(* For every integer $n\geq 2$, the path $P_n$ on $n$ vertices satisfies $\operatorname{th}_{\operatorname{H}}(P_n)=\lceil 2\sqrt{n-1}\rceil$.
   Context: All graphs are finite, simple and undirected. Hopping color change rule: a blue vertex $v$ may force a white vertex $w$ to become blue if $v$ has not previously performed a force and every neighbor of $v$ is blue. For an initial blue set $B$, a chronological list of forces of $B$ is a sequence of such forces applied one at a time until no further force is possible; its underlying unordered set is a set of forces of $B$. $B$ is a hopping forcing set if some chronological list of forces of $B$ turns all vertices blue. For a set of forces $\mathcal F$ of $B$, let $\mathcal F^{(0)}=B$ and for $t\geq1$ let $\mathcal F^{(t)}$ be the set of vertices $w\notin U_{t-1}:=\bigcup_{i=0}^{t-1}\mathcal F^{(i)}$ for which there is $(v\to w)\in\mathcal F$ with $v\in U_{t-1}$ and all neighbors of $v$ in $U_{t-1}$. $\operatorname{pt}_{\operatorname{H}}(G;\mathcal F)$ is the least $t$ with $\bigcup_{i=0}^t\mathcal F^{(i)}=V(G)$ ($\infty$ if none); $\operatorname{pt}_{\operatorname{H}}(G;B)$ is the minimum of $\operatorname{pt}_{\operatorname{H}}(G;\mathcal F)$ over sets of forces $\mathcal F$ of $B$ ($\infty$ if $B$ is not a hopping forcing set). $\operatorname{th}_{\operatorname{H}}(G)=\min_{B\subseteq V(G)}\big(|B|+\operatorname{pt}_{\operatorname{H}}(G;B)\big)$. *)

theory Defs
  imports Complex_Main "HOL-Library.Extended_Nat"
begin

text \<open>A finite simple graph is given by a vertex set V and a symmetric irreflexive
  adjacency relation E.  A force is a pair (v, w) meaning v forces w.\<close>

definition blue_after :: "'a set \<Rightarrow> ('a \<times> 'a) list \<Rightarrow> 'a set" where
  "blue_after B fs = B \<union> snd ` set fs"

definition can_hop_force ::
  "'a set \<Rightarrow> ('a \<Rightarrow> 'a \<Rightarrow> bool) \<Rightarrow> 'a set \<Rightarrow> ('a \<times> 'a) list \<Rightarrow> 'a \<Rightarrow> 'a \<Rightarrow> bool" where
  "can_hop_force V E B fs v w \<longleftrightarrow>
     v \<in> blue_after B fs \<and> w \<in> V \<and> w \<notin> blue_after B fs \<and> v \<notin> fst ` set fs \<and>
     (\<forall>u\<in>V. E v u \<longrightarrow> u \<in> blue_after B fs)"

definition chrono_list ::
  "'a set \<Rightarrow> ('a \<Rightarrow> 'a \<Rightarrow> bool) \<Rightarrow> 'a set \<Rightarrow> ('a \<times> 'a) list \<Rightarrow> bool" where
  "chrono_list V E B fs \<longleftrightarrow>
     (\<forall>i<length fs. can_hop_force V E B (take i fs) (fst (fs ! i)) (snd (fs ! i))) \<and>
     \<not> (\<exists>v w. can_hop_force V E B fs v w)"
(* For $b\in\mathbb R$ let $\mathfrak g_b$ be the 4-dimensional Lie algebra with basis $\{f_1,f_2,u,v\}$ whose only nonzero brackets are $[f_1,f_2]=f_2$, $[f_1,u]=-\tfrac12u+bv$, $[f_1,v]=-bu-\tfrac12v$, and let $G_b$ be the simply connected Lie group with Lie algebra $\mathfrak g_b$. Let $\Sigma$ be the set of pairs $(m,n)\in\mathbb Z\times\mathbb Z$ such that $f_{m,n}(x)=x^3-mx^2+nx-1$ has one real root $c$ and two non-real complex conjugate roots $\alpha,\bar\alpha$, and let $\Sigma'=\Sigma\setminus\{(0,0),(1,1),(2,2)\}$. For $(m,n)\in\Sigma'$ write the non-real root with positive imaginary part as $\alpha=|\alpha|e^{i\phi}$ with $\phi\in(0,\pi)$, and for $k\in\mathbb Z$ define $h_k:\Sigma'\to\mathbb R$ by $h_k(m,n)=\frac{\phi+2k\pi}{\log c}$. Then $G_b$ admits a lattice if and only if $b\in\bigcup_{k\in\mathbb Z}\operatorname{Im}(h_k)$, which is a countable subset of $\mathbb R$.
   Context: A lattice in a Lie group $G$ is a discrete subgroup $\Gamma$ with $\Gamma\backslash G$ compact. For $(m,n)\in\Sigma'$ the real root $c$ satisfies $c>0$ and $c\neq1$, so $h_k$ is well defined. *)

theory Defs
  imports "HOL-Analysis.Analysis"
begin

text \<open>Concrete model of the simply connected Lie group G_b = R \<ltimes> R^3.
  An element (t, x, w) corresponds to exp(t f1) * exp(x f2 + a u + c v) with w = a + i c.
  Since ad f1 acts on the abelian ideal span(f2,u,v) by f2 |-> f2 and (in the complex
  coordinate w = a + i c of a u + c v) by multiplication with (-1/2 + i b), the group law is
  (t,x,w)(s,y,z) = (t+s, x + e^t y, w + e^(t(-1/2+ib)) z).\<close>

type_synonym Gelem = "real \<times> real \<times> complex"

definition G_mult :: "real \<Rightarrow> Gelem \<Rightarrow> Gelem \<Rightarrow> Gelem" where
  "G_mult b g h = (case g of (t, x, w) \<Rightarrow> case h of (s, y, z) \<Rightarrow>
     (t + s, x + exp t * y, w + exp (complex_of_real t * Complex (-1/2) b) * z))"

definition G_one :: Gelem where "G_one = (0, 0, 0)"

definition G_inv :: "real \<Rightarrow> Gelem \<Rightarrow> Gelem" where
  "G_inv b g = (case g of (t, x, w) \<Rightarrow>
     (-t, - exp (-t) * x, - exp (complex_of_real (-t) * Complex (-1/2) b) * w))"

definition G_subgroup :: "real \<Rightarrow> Gelem set \<Rightarrow> bool" where
  "G_subgroup b \<Gamma> \<longleftrightarrow> G_one \<in> \<Gamma> \<and>
     (\<forall>g\<in>\<Gamma>. \<forall>h\<in>\<Gamma>. G_mult b g h \<in> \<Gamma>) \<and> (\<forall>g\<in>\<Gamma>. G_inv b g \<in> \<Gamma>)"

definition G_rcoset :: "real \<Rightarrow> Gelem set \<Rightarrow> Gelem \<Rightarrow> Gelem set" where
  "G_rcoset b \<Gamma> g = (\<lambda>\<gamma>. G_mult b \<gamma> g) ` \<Gamma>"

definition G_lattice :: "real \<Rightarrow> Gelem set \<Rightarrow> bool" where
  "G_lattice b \<Gamma> \<longleftrightarrow> G_subgroup b \<Gamma> \<and> discrete \<Gamma> \<and>
     (\<exists>Q :: Gelem set topology. quotient_map euclidean Q (G_rcoset b \<Gamma>) \<and> compact_space Q)"
(* For every network $\mathcal N$ and every integer $T\ge1$, $\mathcal R^{\mathcal N}\subseteq\mathcal R^{(\mathcal M_T,\mathcal E_T)}$.
   Context: A network is a triple $\mathcal N=(\mathcal L,\mathcal I,D_{\mathcal L})$ where $\mathcal L$ is a finite nonempty set of links, each $\mathcal I(l)$ is a collection of nonempty subsets of $\mathcal L$, and $D_{\mathcal L}$ assigns an integer $D_{\mathcal L}(l,l')$ to every pair with $l'\in\phi$ for some $\phi\in\mathcal I(l)$. A schedule is a map $S:\mathcal L\times\mathbb Z\to\{0,1\}$; $S(l,t)$ has a collision if there is $\phi\in\mathcal I(l)$ with $S(l',t+D_{\mathcal L}(l,l'))=1$ for all $l'\in\phi$; $S$ is collision free if no $(l,t)$ with $S(l,t)=1$ has a collision. $R_S(l)=\lim_{T\to\infty}\frac1T\sum_{t=0}^{T-1}\iota\big(S(l,t)=1\text{ and collision free}\big)$ when it exists; $R_S=(R_S(l))_l$ is the rate vector. A nonnegative vector $R\in[0,\infty)^{\mathcal L}$ is achievable if for every $\epsilon>0$ some schedule $S$ has a rate vector with $R_S(l)\ge R(l)-\epsilon$ for all $l$; $\mathcal R^{\mathcal N}$ is the set of achievable nonnegative vectors. $S[T,k]$ is the $|\mathcal L|\times T$ binary matrix with $S[T,k](l,j)=S(l,kT+j)$. The scheduling graph $(\mathcal M_T,\mathcal E_T)$ has vertex set $\mathcal M_T$ = all $|\mathcal L|\times T$ binary matrices $A$ with $A=S[T,0]$ for some collision-free schedule $S$, and edge set $\mathcal E_T$ = all pairs $(A,B)$ with $A=S[T,0]$, $B=S[T,1]$ for some collision-free schedule $S$. A cycle is a sequence $(A_0,\dots,A_k)$, $k\ge1$, with $(A_i,A_{i+1})\in\mathcal E_T$ for all $i$, $A_k=A_0$, and $A_0,\dots,A_{k-1}$ pairwise distinct; its rate vector is $R_C=\frac{1}{kT}\sum_{i=0}^{k-1}A_i\mathbf 1$ ($\mathbf 1$ the all-ones vector of length $T$). $\mathcal R^{(\mathcal M_T,\mathcal E_T)}$ is the convex hull of the rate vectors of all cycles of $(\mathcal M_T,\mathcal E_T)$. *)

theory Defs
  imports "HOL-Analysis.Analysis"
begin

(* A network: links are the elements of a finite type 'l (finite, nonempty),
   I :: 'l => 'l set set is the interference collection, D :: 'l => 'l => int the delays
   (values of D outside the relevant pairs are irrelevant). *)

definition network :: "('l::finite \<Rightarrow> 'l set set) \<Rightarrow> ('l \<Rightarrow> 'l \<Rightarrow> int) \<Rightarrow> bool" where
  "network I D \<longleftrightarrow> (\<forall>l. \<forall>\<phi>\<in>I l. \<phi> \<noteq> {})"

type_synonym 'l schedule = "'l \<Rightarrow> int \<Rightarrow> bool"   (* S(l,t) = 1  iff  S l t *)

definition collision :: "('l \<Rightarrow> 'l set set) \<Rightarrow> ('l \<Rightarrow> 'l \<Rightarrow> int) \<Rightarrow> 'l schedule \<Rightarrow> 'l \<Rightarrow> int \<Rightarrow> bool" where
  "collision I D S l t \<longleftrightarrow> (\<exists>\<phi>\<in>I l. \<forall>l'\<in>\<phi>. S l' (t + D l l'))"

definition collision_free :: "('l \<Rightarrow> 'l set set) \<Rightarrow> ('l \<Rightarrow> 'l \<Rightarrow> int) \<Rightarrow> 'l schedule \<Rightarrow> bool" where
  "collision_free I D S \<longleftrightarrow> (\<forall>l t. S l t \<longrightarrow> \<not> collision I D S l t)"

WORK INSTRUCTIONS: Out of the records above, pull the lines that include the word "close".

WRITTEN RESPONSE:
  adjacency relation E.  A force is a pair (v, w) meaning v forces w.\<close>
  (t,x,w)(s,y,z) = (t+s, x + e^t y, w + e^(t(-1/2+ib)) z).\<close>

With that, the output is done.